### Exercise instructions
Copy out, from the entries below, each line holding the string "lambda".

********

lemma LN_op_profile:
  assumes profile: "\<forall>k<2*n. interp_poly \<theta> N (\<lambda>i. x i $ k) = smult (v $ k) p"
    and v: "v \<in> carrier_vec (2*n)" and "poly p 0 = 1"
    and A: "\<forall>i\<in>{0..m}. A i \<in> carrier_mat n n" and B: "B \<in> carrier_mat n nu" and C: "C \<in> carrier_mat ny n"
  shows "LN_op n m nu ny A B C D \<tau> \<theta> N \<xi> x 0 = HN_mat n m nu ny A B C D \<tau> \<xi> p *\<^sub>v v"
    and "i \<noteq> 0 \<Longrightarrow> LN_op n m nu ny A B C D \<tau> \<theta> N \<xi> x i = poly (pderiv p) (complex_of_real (\<theta> i)) \<cdot>\<^sub>v v"
proof -
  have PN: "PN \<theta> N (2*n) x t = poly p (complex_of_real t) \<cdot>\<^sub>v v" for t
    using profile v by (intro eq_vecI) (auto simp: PN_def)
  have PN_deriv: "PN_deriv \<theta> N (2*n) x t = poly (pderiv p) (complex_of_real t) \<cdot>\<^sub>v v" for t
    using profile v by (intro eq_vecI) (auto simp: PN_deriv_def pderiv_smult)
  have Al: "A l \<in> carrier_mat n n" if "l \<in> {0..m}" for l
    using A that by blast
  have M0: "cmat (M0 nu ny (A 0) B C D \<xi>) \<in> carrier_mat (2*n) (2*n)"
    using M0_carrier[OF Al B C] by simp
  have "HN_mat n m nu ny A B C D \<tau> \<xi> p *\<^sub>v v = cmat (M0 nu ny (A 0) B C D \<xi>) *\<^sub>v v
      + vsum (2*n) (\<lambda>l. (poly p (complex_of_real (- \<tau> l)) \<cdot>\<^sub>m cmat (Mplus n (A l))
                     + poly p (complex_of_real (\<tau> l)) \<cdot>\<^sub>m cmat (Mminus n (A l))) *\<^sub>v v) {1..m}"
  proof -
    have "\<forall>l\<in>{1..m}. poly p (complex_of_real (- \<tau> l)) \<cdot>\<^sub>m cmat (Mplus n (A l))
        + poly p (complex_of_real (\<tau> l)) \<cdot>\<^sub>m cmat (Mminus n (A l)) \<in> carrier_mat (2*n) (2*n)"
      using Al Mplus_carrier Mminus_carrier by auto
    then show ?thesis
      unfolding HN_mat_def using M0 v
      by (subst add_mult_distrib_mat_vec[of _ "2*n" "2*n"]) (auto simp: msum_mult_vec, simp add: msum_def)
  qed
  also have "\<dots> = LN_op n m nu ny A B C D \<tau> \<theta> N \<xi> x 0"
  proof -
    have "(a \<cdot>\<^sub>m cmat (Mplus n (A l)) + b \<cdot>\<^sub>m cmat (Mminus n (A l))) *\<^sub>v v
        = cmat (Mplus n (A l)) *\<^sub>v (a \<cdot>\<^sub>v v) + cmat (Mminus n (A l)) *\<^sub>v (b \<cdot>\<^sub>v v)"
      if "l \<in> {0..m}" for l a b
      using Mplus_carrier[OF Al[OF that]] Mminus_carrier[OF Al[OF that]] v
      by (simp add: add_mult_distrib_mat_vec[of _ "2*n" "2*n"] smult_mult_mat_vec mult_mat_vec[of _ "2*n" "2*n"])
    then show ?thesis
      unfolding LN_op_def PN vsum_def using \<open>poly p 0 = 1\<close> v by simp
  qed
  finally show "LN_op n m nu ny A B C D \<tau> \<theta> N \<xi> x 0 = HN_mat n m nu ny A B C D \<tau> \<xi> p *\<^sub>v v" ..
  show "i \<noteq> 0 \<Longrightarrow> LN_op n m nu ny A B C D \<tau> \<theta> N \<xi> x i = poly (pderiv p) (complex_of_real (\<theta> i)) \<cdot>\<^sub>v v"
    unfolding LN_op_def PN_deriv by simp
qed

lemma interp_poly_eigenvector_component:
  assumes inj: "inj_on \<theta> (mesh N)" and "\<theta> 0 = 0" and ex: "\<exists>!p. pN_prop \<theta> N lam p"
    and x: "\<forall>i\<in>mesh N. x i \<in> carrier_vec (2*n)"
    and Lx: "\<forall>i\<in>mesh N. LN_op n m nu ny A B C D \<tau> \<theta> N \<xi> x i = lam \<cdot>\<^sub>v x i"
    and k: "k < 2*n"
  shows "interp_poly \<theta> N (\<lambda>i. x i $ k) = smult (x 0 $ k) (pN \<theta> N lam)"
proof (rule interp_poly_eq_smult_pN[OF inj \<open>\<theta> 0 = 0\<close> ex], intro ballI)
  fix i assume i: "i \<in> mesh N - {0}"
  have "poly (pderiv (interp_poly \<theta> N (\<lambda>i. x i $ k))) (complex_of_real (\<theta> i))
      = LN_op n m nu ny A B C D \<tau> \<theta> N \<xi> x i $ k"
    using i k by (simp add: LN_op_def PN_deriv_def)
  also have "\<dots> = lam * x i $ k"
    using Lx x[rule_format, of i] i k by simp
  finally show "poly (pderiv (interp_poly \<theta> N (\<lambda>i. x i $ k))) (complex_of_real (\<theta> i)) = lam * x i $ k" .
qed
lemma PNE_no_abstention: "PNE R \<epsilon> u b \<Longrightarrow> b i \<noteq> None"
proof
  assume P: "PNE R \<epsilon> u b" and "b i = None"
  then have "TU R \<epsilon> u b i = -\<infinity>" by (simp add: TU_def)
  moreover have "TU R \<epsilon> u (b(i := Some undefined)) i \<le> TU R \<epsilon> u b i"
    using P unfolding PNE_def by blast
  ultimately show False by (simp add: TU_def)
qed

lemma PNE_votes_fav:
  fixes u :: "'v::finite \<Rightarrow> 'c::finite \<Rightarrow> nat"
  assumes inj: "\<forall>j. inj (u j)" and n2: "2 \<le> card (UNIV :: 'v set)"
    and eps: "0 < \<epsilon>" "\<epsilon> < 1 / real (card (UNIV :: 'v set))"
    and P: "PNE R \<epsilon> u b" and W2: "2 \<le> card (W b)"
  shows "b i = Some (fav u i (W b))"
proof (rule ccontr)
  define f where "f = fav u i (W b)"
  assume "b i \<noteq> Some (fav u i (W b))"
  then have ne: "b i \<noteq> Some f" by (simp add: f_def)
  obtain x where x: "b i = Some x" using PNE_no_abstention[OF P] by blast
  have f: "f \<in> W b" using fav_W_in_W[of u i b] inj by (simp add: f_def)
  have "ereal (real (u i f)) \<le> TU R \<epsilon> u (b(i := Some f)) i"
    using eps(1) by (simp add: TU_fun_upd_winner[OF f ne])
  also have "\<dots> \<le> TU R \<epsilon> u b i" using P by (simp add: PNE_def)
  also have "\<dots> \<le> ereal (EU R u b i + \<epsilon>)" using eps(1) by (simp add: TU_Some[where b=b and i=i, OF x])
  finally have "real (u i f) \<le> EU R u b i + \<epsilon>" by simp
  moreover have "EU R u b i \<le> real (u i f) - 1 / real (card (UNIV :: 'v set))"
    using EU_le_fav_minus[OF inj n2 W2] sc_W_pos[where b=b and i=i, OF x] by (simp add: f_def)
  ultimately show False using eps(2) by simp
qed
lemma (in prob_space) is_cond_exp_fun_square_integrable:
  fixes X :: "'a \<Rightarrow> 'x::topological_space"
  assumes X: "X \<in> borel_measurable M" and g: "is_cond_exp_fun M X Z g"
    and Z: "Z \<in> borel_measurable M" "integrable M (\<lambda>\<omega>. (Z \<omega>)\<^sup>2)"
  shows "integrable M (\<lambda>\<omega>. (g (X \<omega>))\<^sup>2)"
proof -
  define F where "F = vimage_algebra (space M) X borel"
  interpret finite_measure_subalgebra M F
    unfolding F_def by (rule finite_measure_subalgebra_vimage_algebra[OF X])
  have Z_int: "integrable M Z" using Z by (rule square_integrable_imp_integrable)
  have "g \<in> borel_measurable borel" using g unfolding is_cond_exp_fun_def by auto
  then have [measurable]: "(\<lambda>\<omega>. g (X \<omega>)) \<in> borel_measurable M" using X by measurable
  have ae: "AE \<omega> in M. real_cond_exp M F Z \<omega> = g (X \<omega>)"
    using is_cond_exp_fun_AE_real_cond_exp[OF X Z_int g] unfolding F_def .
  have "integrable M (\<lambda>\<omega>. (real_cond_exp M F Z \<omega>)\<^sup>2)"
    using integrable_convex_cond_exp[of Z UNIV 0 0 power2, OF Z_int _ _ _ convex_power2] Z(2) by auto
  then show ?thesis by (rule integrable_cong_AE_imp) (use ae in auto)
qed

lemma (in prob_space) is_cond_exp_fun_AE_bounds:
  fixes X :: "'a \<Rightarrow> 'x::topological_space"
  assumes X: "X \<in> borel_measurable M" and g: "is_cond_exp_fun M X Z g"
    and Z: "Z \<in> borel_measurable M" "\<And>\<omega>. c \<le> Z \<omega> \<and> Z \<omega> \<le> d"
  shows "AE \<omega> in M. c \<le> g (X \<omega>) \<and> g (X \<omega>) \<le> d"
proof -
  define F where "F = vimage_algebra (space M) X borel"
  interpret finite_measure_subalgebra M F
    unfolding F_def by (rule finite_measure_subalgebra_vimage_algebra[OF X])
  have Z_int: "integrable M Z"
  proof (rule integrable_const_bound[where B="max \<bar>c\<bar> \<bar>d\<bar>"])
    have "\<bar>Z \<omega>\<bar> \<le> max \<bar>c\<bar> \<bar>d\<bar>" for \<omega>
      using Z(2)[of \<omega>] by arith
    then show "AE \<omega> in M. norm (Z \<omega>) \<le> max \<bar>c\<bar> \<bar>d\<bar>" by simp
  qed (rule Z(1))
  have "AE \<omega> in M. c \<le> real_cond_exp M F Z \<omega>"
    by (rule real_cond_exp_ge_c[OF Z_int]) (use Z(2) in auto)
  moreover have "AE \<omega> in M. real_cond_exp M F Z \<omega> \<le> d"
    by (rule real_cond_exp_le_c[OF Z_int]) (use Z(2) in auto)
  moreover note is_cond_exp_fun_AE_real_cond_exp[OF X Z_int g]
  ultimately show ?thesis unfolding F_def[symmetric] by eventually_elim auto
qed

section \<open>The fair regression problem\<close>

lemma finite_grid_idx [simp]: "finite (grid_idx L)"
  by (simp add: grid_idx_def)

lemma grid_idx_ne_empty [simp]: "grid_idx L \<noteq> {}"
  by (auto simp: grid_idx_def)

lemma grid_prediction_bounds:
  assumes "grid_prediction L \<pi>"
  shows "0 \<le> \<pi> x l" "\<pi> x l \<le> 1"
proof -
  have nonneg: "\<And>l. 0 \<le> \<pi> x l" and "(\<Sum>l\<in>grid_idx L. \<pi> x l) = 1"
    and "\<And>l. l \<notin> grid_idx L \<Longrightarrow> \<pi> x l = 0"
    using assms unfolding grid_prediction_def by auto
  show "0 \<le> \<pi> x l" by (rule nonneg)
  show "\<pi> x l \<le> 1"
  proof (cases "l \<in> grid_idx L")
    case True
    then have "\<pi> x l \<le> (\<Sum>l\<in>grid_idx L. \<pi> x l)" using nonneg by (intro member_le_sum) auto
    then show ?thesis using \<open>(\<Sum>l\<in>grid_idx L. \<pi> x l) = 1\<close> by simp
  qed (simp add: \<open>\<And>l. l \<notin> grid_idx L \<Longrightarrow> \<pi> x l = 0\<close>)
qed

lemma abs_xlnx_le_1:
  fixes p :: real
  assumes "0 < p" "p \<le> 1"
  shows "\<bar>p * ln p\<bar> \<le> 1"
proof -
  have "ln (1 / p) \<le> 1 / p - 1" using assms by (intro ln_le_minus_one) auto
  then have "p * - ln p \<le> p * (1 / p - 1)" using assms by (intro mult_left_mono) (auto simp: ln_div)
  moreover have "p * ln p \<le> 0" using assms by (simp add: mult_nonneg_nonpos)
  ultimately show ?thesis using assms by (simp add: algebra_simps)
qed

********

### Solution for this task
  assumes profile: "\<forall>k<2*n. interp_poly \<theta> N (\<lambda>i. x i $ k) = smult (v $ k) p"
      + vsum (2*n) (\<lambda>l. (poly p (complex_of_real (- \<tau> l)) \<cdot>\<^sub>m cmat (Mplus n (A l))
  shows "interp_poly \<theta> N (\<lambda>i. x i $ k) = smult (x 0 $ k) (pN \<theta> N lam)"
  have "poly (pderiv (interp_poly \<theta> N (\<lambda>i. x i $ k))) (complex_of_real (\<theta> i))
  finally show "poly (pderiv (interp_poly \<theta> N (\<lambda>i. x i $ k))) (complex_of_real (\<theta> i)) = lam * x i $ k" .
    and Z: "Z \<in> borel_measurable M" "integrable M (\<lambda>\<omega>. (Z \<omega>)\<^sup>2)"
  shows "integrable M (\<lambda>\<omega>. (g (X \<omega>))\<^sup>2)"
  then have [measurable]: "(\<lambda>\<omega>. g (X \<omega>)) \<in> borel_measurable M" using X by measurable
  have "integrable M (\<lambda>\<omega>. (real_cond_exp M F Z \<omega>)\<^sup>2)"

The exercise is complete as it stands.